How do I show that the differential equation $x'=x^2$ has unstable solutions when $x(0)\geq 0$ but asymptotically stable solutions when $x(0)\leq0$?
Usually, I look at the eigenvalues of the matrix to determine stability of solutions, but since there is no matrix here, how do I approach this?

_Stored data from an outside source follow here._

lemma dta_renumber_states:
  fixes S :: "'s set" and acc :: "'s \<Rightarrow> bool"
    and d0 :: "nat \<Rightarrow> 'a \<Rightarrow> 'p \<Rightarrow> 's" and d1 :: "'d usym \<Rightarrow> 's \<Rightarrow> 's"
  assumes "finite S" and closed: "transitions_closed k S d0 d1 d2"
  shows "\<exists>(Q::nat set) e0 e1 e2 F. dta_wf k Q e0 e1 e2 F \<and> card Q = card S \<and>
     (\<forall>t :: ('a, 'p, 'd) stt. over_k k t \<longrightarrow>
        (dta_run e0 e1 e2 t \<in> F \<longleftrightarrow> acc (stt_run d0 d1 d2 t)))"
proof -
  obtain enc where bij: "bij_betw enc S {0..<card S}"
    using ex_bij_betw_finite_nat[OF \<open>finite S\<close>] by blast
  define dec where "dec = inv_into S enc"
  have inj: "inj_on enc S" and enc: "q \<in> S \<Longrightarrow> enc q \<in> {0..<card S}" for q
    using bij by (auto simp: bij_betw_def)
  have dec: "n \<in> {0..<card S} \<Longrightarrow> dec n \<in> S" for n
    unfolding dec_def using bij by (metis bij_betw_def inv_into_into)
  have dec_enc: "q \<in> S \<Longrightarrow> dec (enc q) = q" for q
    unfolding dec_def using inj by simp
  define e0 where "e0 i a p = enc (d0 i a p)" for i a p
  define e1 where "e1 s n = enc (d1 s (dec n))" for s n
  define e2 where "e2 n n' = enc (d2 (dec n) (dec n'))" for n n'
  define F where "F = enc ` {q \<in> S. acc q}"
  have run: "over_k k t \<Longrightarrow> dta_run e0 e1 e2 t = enc (stt_run d0 d1 d2 t)"
    for t :: "('a, 'p, 'd) stt"
    by (induction t) (simp_all add: e0_def e1_def e2_def dec_enc stt_run_closed[OF closed])
  have "dta_wf k {0..<card S} e0 e1 e2 F"
    using closed enc dec by (auto simp: dta_wf_def transitions_closed_def e0_def e1_def e2_def F_def)
  moreover have "dta_run e0 e1 e2 t \<in> F \<longleftrightarrow> acc (stt_run d0 d1 d2 t)"
    if "over_k k t" for t :: "('a, 'p, 'd) stt"
    using run[OF that] stt_run_closed[OF closed that] inj
    by (auto simp: F_def inj_on_image_mem_iff)
  ultimately show ?thesis by fastforce
qed
(* Let $m/n\in(0,1/2]$. Then the set of spans $\Gamma_n^P$ of $\ast$-orbits $P$ of $f_{m/n}$ is totally ordered by inclusion.
   Context: For $n\ge2$, $\Gamma_n\subset D^2$ is an $n$-star: a tree with edges $e_0,\dots,e_{n-1}$ of equal length, each with a valence-1 vertex at its initial point, meeting at their final points at a central vertex $v$ of valence $n$, cyclically ordered by index. For $m/n\in(0,1/2]$ in lowest terms, $f_{m/n}\colon\Gamma_n\to\Gamma_n$ is the tree map with image edge paths $f_{m/n}(e_0)=e_0\bar e_1e_1\bar e_2e_2\cdots\bar e_me_m$ and $f_{m/n}(e_r)=e_{r+_nm}$ for $r\neq0$ (here $\bar e$ is the reverse of $e$ and $+_n$ is addition mod $n$), expanding each edge uniformly away from preimages of vertices. A $\ast$-orbit is a periodic orbit $P$ of $f_{m/n}$ such that: (a) $P\neq\{v\}$; (b) $P\cap e_r\neq\emptyset$ for all $r$; (c) $f_{m/n}(P\cap e_0)\not\subseteq e_m$; (d) if $p_r$ is the point of $P\cap e_r$ closest to the initial point of $e_r$, then $f_{m/n}(p_r)=p_{r+_nm}$ for all $r\neq0$. The span $\Gamma_n^P$ of $P$ is the smallest connected subset of $\Gamma_n$ containing $P$. *)

theory Defs
  imports "HOL-Analysis.Analysis"
begin

text \<open>Points of the n-star: the central vertex V, or the point E r t on edge e_r
  at parameter t \<in> [0,1) measured from the initial (valence-1) vertex of e_r
  (t = 1 would be the central vertex).\<close>
datatype spt = V | E nat real

definition star :: "nat \<Rightarrow> spt set" where
  "star n = insert V {E r t | r t. r < n \<and> 0 \<le> t \<and> t < 1}"

definition edge :: "nat \<Rightarrow> spt set" where
  "edge r = insert V {E r t | t. 0 \<le> t \<and> t < 1}"

definition mkpt :: "nat \<Rightarrow> real \<Rightarrow> spt" where
  "mkpt r t = (if 1 \<le> t then V else E r t)"

fun emb :: "nat \<Rightarrow> spt \<Rightarrow> complex" where
  "emb n V = 0"
| "emb n (E r t) = complex_of_real (1 - t) * cis (2 * pi * real r / real n)"

text \<open>The image of the point at parameter s \<in> [0, 2m+1) of the edge path
  e_0 (e_1)^{-1} e_1 (e_2)^{-1} e_2 ... (e_m)^{-1} e_m, each edge traversed at unit speed.\<close>
definition path0 :: "real \<Rightarrow> spt" where
  "path0 s = (let k = nat \<lfloor>s\<rfloor>; u = s - real k in
     if k = 0 then mkpt 0 u
     else if odd k then mkpt ((k + 1) div 2) (1 - u)
     else mkpt (k div 2) u)"
(* With the notation of the context, let $r\ge1$, let $T^{(r)}$ be any unitary on $\mathcal H$ with $T^{(r)}(|j\rangle\otimes|0\rangle^{\otimes(2r+1)})=|\Psi^{(r)}_j\rangle$ for all $j\in[N]$ (here $|j\rangle,|0\rangle\in\mathbb C^{2N}$), let $\epsilon\ge0$ and let $\tilde T$ be a unitary with $\|\tilde T-T^{(r)}\|\le\epsilon/2$. Let $\Pi:\mathbb C^N\to\mathcal H$ be the isometry $\Pi|j\rangle=|j\rangle\otimes|0\rangle^{\otimes(2r+1)}$. Then $\big\|\Pi^\dagger\tilde T^\dagger S^{(r)}\tilde T\,\Pi-(H/d)^r\big\|\le\epsilon$; that is, $\tilde T^\dagger S^{(r)}\tilde T$ is a $(1,2rn+2r+n+2,\epsilon)$-block-encoding of $(H/d)^r$ (with $\epsilon=0$ for $\tilde T=T^{(r)}$).
   Context: Let $N=2^n$, $[m]=\{0,\dots,m-1\}$, and $H$ an $N\times N$ Hermitian matrix with $\|H\|_{\max}=\max_{j,k}|H_{jk}|\le1$. For each $j\in[N]$ let $N(j)\subseteq[N]$ with $|N(j)|=d$, $\{k:H_{jk}\ne0\}\subseteq N(j)$, and $k\in N(j)\iff j\in N(k)$. A path of length $r$ from $j_0$ is $\mathbf j=(j_0,\dots,j_r)\in[N]^{r+1}$ with $j_{s+1}\in N(j_s)$ for all $s\in[r]$. Fix complex numbers $\sigma_{jk}$ with $|\sigma_{jk}|^2=|H_{jk}|$ and $\sigma_{jk}\overline{\sigma_{kj}}=\overline{H_{jk}}$ for all $j,k\in[N]$. $\mathcal H=(\mathbb C^{2N})^{\otimes(2r+2)}$ with basis $|a_0,\dots,a_{2r+1}\rangle$, $a_i\in[2N]$, and $$|\Psi^{(r)}_{j_0}\rangle=\frac1{\sqrt{d^r}}\sum_{\mathbf j}|j_0,\dots,j_r\rangle\otimes|j_0\rangle\bigotimes_{s\in[r]}\Big(\sigma_{j_sj_{s+1}}|j_{s+1}\rangle+\sqrt{1-|H_{j_sj_{s+1}}|}\,|j_{s+1}+N\rangle\Big)$$ (sum over paths of length $r$ from $j_0$); this is a unit vector. $S^{(r)}|a_0,\dots,a_{2r+1}\rangle=|a_{2r+1},\dots,a_0\rangle$. Block-encoding: $U$ is an $(\alpha,a,\epsilon)$-block-encoding of $A$ if $\|A-\alpha(\text{compression of }U\text{ to ancillas in }|0\rangle)\|\le\epsilon$ in spectral norm. Norms are spectral norms. *)

theory Defs
  imports "Jordan_Normal_Form.Schur_Decomposition"
begin

definition vec_norm2 :: "complex vec \<Rightarrow> real" where
  "vec_norm2 v = sqrt (\<Sum>i<dim_vec v. (cmod (v $ i))\<^sup>2)"

definition spec_norm :: "complex mat \<Rightarrow> real" where
  "spec_norm A = Sup {vec_norm2 (A *\<^sub>v v) | v. v \<in> carrier_vec (dim_col A) \<and> vec_norm2 v \<le> 1}"

definition hermitian_mat :: "complex mat \<Rightarrow> bool" where
  "hermitian_mat A \<longleftrightarrow> square_mat A \<and> mat_adjoint A = A"

definition unitary_mat :: "complex mat \<Rightarrow> bool" where
  "unitary_mat U \<longleftrightarrow> square_mat U \<and> mat_adjoint U * U = 1\<^sub>m (dim_row U)
                      \<and> U * mat_adjoint U = 1\<^sub>m (dim_row U)"

text \<open>Basis states of m registers of dimension b are encoded big-endian:
  the index k corresponds to the digit list digits b m k = [a_0, ..., a_{m-1}],
  with a_0 the most significant digit.\<close>
fun digits :: "nat \<Rightarrow> nat \<Rightarrow> nat \<Rightarrow> nat list" where
  "digits b 0 k = []"
| "digits b (Suc m) k = (k div b ^ m) mod b # digits b m k"

definition tensor_list :: "nat \<Rightarrow> complex vec list \<Rightarrow> complex vec" where
  "tensor_list b vs = vec (b ^ length vs)
     (\<lambda>k. prod_list (map2 (\<lambda>v a. v $ a) vs (digits b (length vs) k)))"

definition paths :: "nat \<Rightarrow> (nat \<Rightarrow> nat set) \<Rightarrow> nat \<Rightarrow> nat \<Rightarrow> nat list set" where
  "paths N Nb r j0 = {p. length p = Suc r \<and> p ! 0 = j0 \<and> (\<forall>i\<in>set p. i < N)
                        \<and> (\<forall>s<r. p ! Suc s \<in> Nb (p ! s))}"

definition Psi :: "nat \<Rightarrow> complex mat \<Rightarrow> (nat \<Rightarrow> nat set) \<Rightarrow> nat \<Rightarrow> (nat \<Rightarrow> nat \<Rightarrow> complex)
                   \<Rightarrow> nat \<Rightarrow> nat \<Rightarrow> complex vec" where
  "Psi N H Nb d \<sigma> r j0 =
     (let b = 2 * N;
          term = (\<lambda>p. tensor_list b
             (map (\<lambda>i. unit_vec b i) p @ [unit_vec b j0] @
              map (\<lambda>s. \<sigma> (p ! s) (p ! Suc s) \<cdot>\<^sub>v unit_vec b (p ! Suc s)
                       + complex_of_real (sqrt (1 - cmod (H $$ (p ! s, p ! Suc s))))
                         \<cdot>\<^sub>v unit_vec b (p ! Suc s + N)) [0..<r]))
      in vec (b ^ (2 * r + 2))
           (\<lambda>k. complex_of_real (1 / sqrt (real d ^ r)) * (\<Sum>p\<in>paths N Nb r j0. term p $ k)))"

definition Swap :: "nat \<Rightarrow> nat \<Rightarrow> complex mat" where
  "Swap N r = (let b = 2 * N; m = 2 * r + 2 in
     mat (b ^ m) (b ^ m) (\<lambda>(i, k). if digits b m i = rev (digits b m k) then 1 else 0))"

definition padded :: "nat \<Rightarrow> nat \<Rightarrow> nat \<Rightarrow> complex vec" where
  "padded N r j = tensor_list (2 * N) (unit_vec (2 * N) j # replicate (2 * r + 1) (unit_vec (2 * N) 0))"

definition Pi_iso :: "nat \<Rightarrow> nat \<Rightarrow> complex mat" where
  "Pi_iso N r = mat_of_cols ((2 * N) ^ (2 * r + 2)) (map (padded N r) [0..<N])"

end

theory Submission
  imports Defs "HOL-Analysis.L2_Norm"
begin

text \<open>
  The (j, k) entry of Pi* T* S T Pi is the overlap of \<Psi>_j with S \<Psi>_k. Each \<Psi>_j is a
  normalised sum over the paths p from j of product states, and S pairs register i with register
  2r + 1 - i. So the vertex registers of a path p from j meet the edge registers of a path q from
  k and vice versa, and the product of these overlaps vanishes unless q is p reversed, i.e. unless
  p ends at k. In that case it is the product over the steps (a, b) of p of
  \<sigma>(b, a) cnj(\<sigma>(a, b)) = H(a, b), and summing over all paths gives d^(-r) (H^r)(j, k).

  For the perturbed unitary, with D = T' - T the difference of the two sandwiches is
  (Pi* T'* S) (D Pi) + (Pi* D* S) (T Pi); all other factors are contractions, so its
  spectral norm is at most 2 \<parallel>D\<parallel> \<le> \<epsilon>.
\<close>

section \<open>Inner product and norm of complex vectors\<close>

definition vec_inner :: "complex vec \<Rightarrow> complex vec \<Rightarrow> complex" where
  "vec_inner x y = (\<Sum>i<dim_vec x. cnj (x $ i) * y $ i)"

lemma vec_norm2_L2_set: "vec_norm2 v = L2_set (\<lambda>i. cmod (v $ i)) {..<dim_vec v}"
  unfolding vec_norm2_def L2_set_def by simp

lemma vec_norm2_nonneg: "vec_norm2 v \<ge> 0"
  unfolding vec_norm2_def by (simp add: sum_nonneg)

lemma vec_norm2_zero_vec [simp]: "vec_norm2 (0\<^sub>v n) = 0"
  by (simp add: vec_norm2_def)

lemma vec_inner_self: "vec_inner x x = complex_of_real ((vec_norm2 x)\<^sup>2)"
proof -
  have "vec_inner x x = (\<Sum>i<dim_vec x. complex_of_real ((cmod (x $ i))\<^sup>2))"
    unfolding vec_inner_def by (intro sum.cong refl) (metis complex_norm_square mult.commute of_real_power)
  then show ?thesis unfolding vec_norm2_def by (simp add: sum_nonneg)
qed

lemma vec_inner_Cauchy_Schwarz:
  assumes "dim_vec y = dim_vec x"
  shows "cmod (vec_inner x y) \<le> vec_norm2 x * vec_norm2 y"
proof -
  have "cmod (vec_inner x y) \<le> (\<Sum>i<dim_vec x. \<bar>cmod (x $ i)\<bar> * \<bar>cmod (y $ i)\<bar>)"
    unfolding vec_inner_def by (rule order.trans[OF norm_sum]) (simp add: norm_mult)
  also have "\<dots> \<le> L2_set (\<lambda>i. cmod (x $ i)) {..<dim_vec x} * L2_set (\<lambda>i. cmod (y $ i)) {..<dim_vec x}"
    by (rule L2_set_mult_ineq)
  finally show ?thesis using assms by (simp add: vec_norm2_L2_set)
qed

lemma vec_norm2_add_le:
  assumes "dim_vec y = dim_vec x"
  shows "vec_norm2 (x + y) \<le> vec_norm2 x + vec_norm2 y"
proof -
  have "vec_norm2 (x + y) = L2_set (\<lambda>i. cmod (x $ i + y $ i)) {..<dim_vec x}"
    unfolding vec_norm2_L2_set using assms by (intro L2_set_cong) auto
  also have "\<dots> \<le> L2_set (\<lambda>i. cmod (x $ i) + cmod (y $ i)) {..<dim_vec x}"
    by (intro L2_set_mono) (auto simp: norm_triangle_ineq)
  also have "\<dots> \<le> vec_norm2 x + vec_norm2 y"
    unfolding vec_norm2_L2_set using assms by (metis L2_set_triangle_ineq)
  finally show ?thesis .
qed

Edit: the solutions are $x(t)=\frac{1}{c-t}$, but what can I do with this?
On
Qualitative analysis of ODEs gives an answer to the questions. Namely, the behaviour of solutions of $x' = f(x)$ follows from the form of function $f(x)$. Zeros of $f(x)$ gives stationary points, so $x$ approaches asymptotically to them, provided that an appropriate initial condition is taken. From the equation, it follows that $f(x)$ is a rate of variation of $x$. Therefore, if $f(x) > 0$, then x grows, while, when $f(x) < 0$, $x$ decreases. It is helpful to plot $f(x)$ as a function of $x$, then those $x$ that have positive (negative) $f(x)$ are increased (are decreased). These arguments can be easily appiled for the equation in the question.
suppose $x(0) = k.$ then the solution is $$x = \frac 1{t + 1/k }, -1/k < t < \infty$$ the graph is monotone increasing on the domain and $\lim_{t \to \infty} x(t) = 0.$
this solution approaches zero but not expentailly; it approaches zero like $\frac1t.$ i don't this the solution is asymptotically stable; just stable.